"Temos de falar sobre a reforma do Conselho Constitucional"
24 de junho de 2025O juiz do Conselho Constitucional Albano Macie afirmou, na segunda-feira (23.06), que o que aconteceu em Moçambique depois das eleições gerais de outubro não foram manifestações, mas sim uma "insurreição fracassada", que só não foi avante porque o grupo que organizou os protestos não teve o apoio das Forças Armadas.

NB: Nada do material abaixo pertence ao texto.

(* Let $m,n,p,q$ be arbitrary integers and define $$P(x_1,x_2,x_3,x_4)=\begin{bmatrix}x_1 & x_2 & x_3 & x_4\\ -nx_2 & x_1+mx_2 & -nx_4 & x_3+mx_4\\ -qx_3 & -qx_4 & x_1+px_3 & x_2+px_4\\ qnx_4 & -q(x_3+mx_4) & -nx_2-pnx_4 & x_1+mx_2+p(x_3+mx_4)\end{bmatrix}.$$ Then for independent variables $x_i,y_i$, $P(x_1,\dots,x_4)P(y_1,\dots,y_4)=P(z_1,\dots,z_4)$, where $z_1=x_1y_1-nx_2y_2-qx_3y_3+qnx_4y_4$, $z_2=x_1y_2+x_2y_1+mx_2y_2-qx_3y_4-qx_4y_3-mqx_4y_4$, $z_3=x_1y_3-nx_2y_4+x_3y_1+px_3y_3-nx_4y_2-npx_4y_4$, $z_4=x_1y_4+x_2y_3+mx_2y_4+x_3y_2+px_3y_4+x_4y_1+mx_4y_2+px_4y_3+mpx_4y_4$. Consequently the quaternary quartic form $f(x_1,\dots,x_4)=\det P(x_1,\dots,x_4)$ satisfies $f(x_1,\dots,x_4)f(y_1,\dots,y_4)=f(z_1,\dots,z_4)$. *)

theory Defs
  imports "HOL-Analysis.Analysis"
begin

text \<open>Entries of a 4x4 matrix given row-wise as a list of lists, indexed by the type 4
 (index i of type 4 corresponds to row/column number i, via Rep_bit0 i in 0..3).\<close>

definition mat4 :: "'a list list \<Rightarrow> 'a ^ 4 ^ 4" where
  "mat4 rs = (\<chi> i j. (rs ! (nat (Rep_bit0 i))) ! (nat (Rep_bit0 j)))"

definition Pmat :: "int \<Rightarrow> int \<Rightarrow> int \<Rightarrow> int \<Rightarrow> 'a::comm_ring_1 \<Rightarrow> 'a \<Rightarrow> 'a \<Rightarrow> 'a \<Rightarrow> 'a ^ 4 ^ 4" where
  "Pmat m n p q x1 x2 x3 x4 = (let m = of_int m; n = of_int n; p = of_int p; q = of_int q in
     mat4 [[x1, x2, x3, x4],
           [- n * x2, x1 + m * x2, - n * x4, x3 + m * x4],
           [- q * x3, - q * x4, x1 + p * x3, x2 + p * x4],
           [q * n * x4, - q * (x3 + m * x4), - n * x2 - p * n * x4, x1 + m * x2 + p * (x3 + m * x4)]])"

definition fform :: "int \<Rightarrow> int \<Rightarrow> int \<Rightarrow> int \<Rightarrow> 'a::comm_ring_1 \<Rightarrow> 'a \<Rightarrow> 'a \<Rightarrow> 'a \<Rightarrow> 'a" where
  "fform m n p q x1 x2 x3 x4 = det (Pmat m n p q x1 x2 x3 x4)"

end

theory Submission
  imports Defs
begin

text \<open>Writing \<open>\<alpha>\<^sup>2 = m\<alpha> - n\<close> and \<open>\<beta>\<^sup>2 = p\<beta> - q\<close>, the matrix \<open>P(x\<^sub>1,\<dots>,x\<^sub>4)\<close> is the
  matrix of multiplication by \<open>x\<^sub>1 + x\<^sub>2\<alpha> + x\<^sub>3\<beta> + x\<^sub>4\<alpha>\<beta>\<close> in the commutative algebra
  spanned by \<open>1, \<alpha>, \<beta>, \<alpha>\<beta>\<close>, and \<open>z\<^sub>1,\<dots>,z\<^sub>4\<close> are the coordinates of the product of the
  two elements. Hence \<open>P\<close> is multiplicative, and \<open>f = det P\<close> (the norm form) is
  multiplicative because the determinant is.\<close>

lemma Rep_bit0_numeral_4:
  "Rep_bit0 (1::4) = 1" "Rep_bit0 (2::4) = 2" "Rep_bit0 (3::4) = 3" "Rep_bit0 (4::4) = 0"
  by (simp_all add: bit0.Rep_1 bit0.Rep_numeral)

lemma Pmat_mult:
  fixes x1 x2 x3 x4 y1 y2 y3 y4 :: "'a::comm_ring_1"
  shows "Pmat m n p q x1 x2 x3 x4 ** Pmat m n p q y1 y2 y3 y4 = Pmat m n p q
     (x1 * y1 - of_int n * x2 * y2 - of_int q * x3 * y3 + of_int q * of_int n * x4 * y4)
     (x1 * y2 + x2 * y1 + of_int m * x2 * y2 - of_int q * x3 * y4 - of_int q * x4 * y3
        - of_int m * of_int q * x4 * y4)
     (x1 * y3 - of_int n * x2 * y4 + x3 * y1 + of_int p * x3 * y3 - of_int n * x4 * y2
        - of_int n * of_int p * x4 * y4)
     (x1 * y4 + x2 * y3 + of_int m * x2 * y4 + x3 * y2 + of_int p * x3 * y4 + x4 * y1
        + of_int m * x4 * y2 + of_int p * x4 * y3 + of_int m * of_int p * x4 * y4)"
  unfolding vec_eq_iff forall_4 matrix_matrix_mult_def Pmat_def mat4_def Let_def
  by (simp add: sum_4 Rep_bit0_numeral_4 algebra_simps)

lemma fform_mult_of_Pmat_mult:
  assumes "Pmat m n p q x1 x2 x3 x4 ** Pmat m n p q y1 y2 y3 y4 = Pmat m n p q z1 z2 z3 z4"
  shows "fform m n p q x1 x2 x3 x4 * fform m n p q y1 y2 y3 y4 = fform m n p q z1 z2 z3 z4"
  unfolding fform_def using assms by (metis det_mul)

theorem mainTheorem3:
  fixes m n p q :: int and x1 x2 x3 x4 y1 y2 y3 y4 :: "'a::comm_ring_1"
  defines "z1 \<equiv> x1 * y1 - of_int n * x2 * y2 - of_int q * x3 * y3 + of_int q * of_int n * x4 * y4"
      and "z2 \<equiv> x1 * y2 + x2 * y1 + of_int m * x2 * y2 - of_int q * x3 * y4 - of_int q * x4 * y3 - of_int m * of_int q * x4 * y4"
      and "z3 \<equiv> x1 * y3 - of_int n * x2 * y4 + x3 * y1 + of_int p * x3 * y3 - of_int n * x4 * y2 - of_int n * of_int p * x4 * y4"
      and "z4 \<equiv> x1 * y4 + x2 * y3 + of_int m * x2 * y4 + x3 * y2 + of_int p * x3 * y4 + x4 * y1 + of_int m * x4 * y2 + of_int p * x4 * y3 + of_int m * of_int p * x4 * y4"
  shows "Pmat m n p q x1 x2 x3 x4  **  Pmat m n p q y1 y2 y3 y4 = Pmat m n p q z1 z2 z3 z4
       \<and> fform m n p q x1 x2 x3 x4  *  fform m n p q y1 y2 y3 y4 = fform m n p q z1 z2 z3 z4"
proof
  show "Pmat m n p q x1 x2 x3 x4 ** Pmat m n p q y1 y2 y3 y4 = Pmat m n p q z1 z2 z3 z4"
    unfolding z1_def z2_def z3_def z4_def by (rule Pmat_mult)
  then show "fform m n p q x1 x2 x3 x4 * fform m n p q y1 y2 y3 y4 = fform m n p q z1 z2 z3 z4"
    by (rule fform_mult_of_Pmat_mult)
qed

end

Em entrevista à DW, Wilker Dias, diretor da Plataforma Decide, organização não-governamental que acompanha os processos eleitorais em Moçambique, diz que as declarações só provam as "inclinações partidárias" de alguns tribunais. O que devia estar a ser discutido neste momento, sublinha, seria a reforma do Conselho Constitucional.
DW África: Como avalia os pronunciamentos do juiz do Conselho Constitucional Albano Macie sobre a suposta "insurreição fracassada"?
Wilker Dias (WD): Estes pronunciamentos revelam um pouco aquilo que já vinha sendo matéria de debate nos últimos tempos, de que alguns tribunais se encontram, infelizmente, capturados por inclinações partidárias. Quem é moçambicano conhece, de forma direta, a realidade que o país vivenciou.
Se analisarmos bem, as últimas eleições foram de fraudes, tal como as eleições anteriores. É um ciclo repetitivo que acaba trazendo as suas consequências. Houve uma miscelânea de razões para os protestos – além da insatisfação com os resultados, também houve fatores sociais que os motivaram. Portanto, afirmar que as últimas manifestações não tiveram um cunho eleitoral é revelar que não se domina a realidade do país.
DW África: Sendo assim, devia estar a ser discutida uma verdadeira reforma do Constitucional, relembrando que as manifestações se intensificaram, sobretudo, depois de o Conselho Constitucional ter validado os resultados das eleições de 9 de outubro?
WD: A reforma do Conselho Constitucional é uma das grandes prioridades. O Conselho Constitucional não é imparcial, não consegue fazer dignamente o trabalho para que foi criado, em termos constitucionais. Não consegue fazer isso. Estes pronunciamentos do juiz conselheiro demonstram, de forma evidente, que é necessária uma reforma.
DW África: Falemos também da Comissão para o Diálogo de Paz e Reformas em Moçambique, que terá três membros da sociedade civil. Como será o contributo da sociedade civil para este processo?
WD: Acredito que a intervenção da sociedade civil poderá ser importante, mas há algo que falta para nós sabermos se os resultados serão mesmo aqueles que pretendemos. Porque quando se dá primazia à Comissão [Técnica] ou aos partidos políticos para escolherem, entre os candidatos existentes, quem serão os três [membros da sociedade civil], isso acaba suscitando diversas dúvidas sobre transparência. Porque é que não deixaram a sociedade civil, por si só, indicar de forma direta os seus elementos para os três lugares?
Além disso, três lugares não é o suficiente, porque nós temos organizações [não-governamentais], religiosos, académicos e outras personalidades de diversas áreas. Será complicado representar a sociedade civil com apenas três lugares.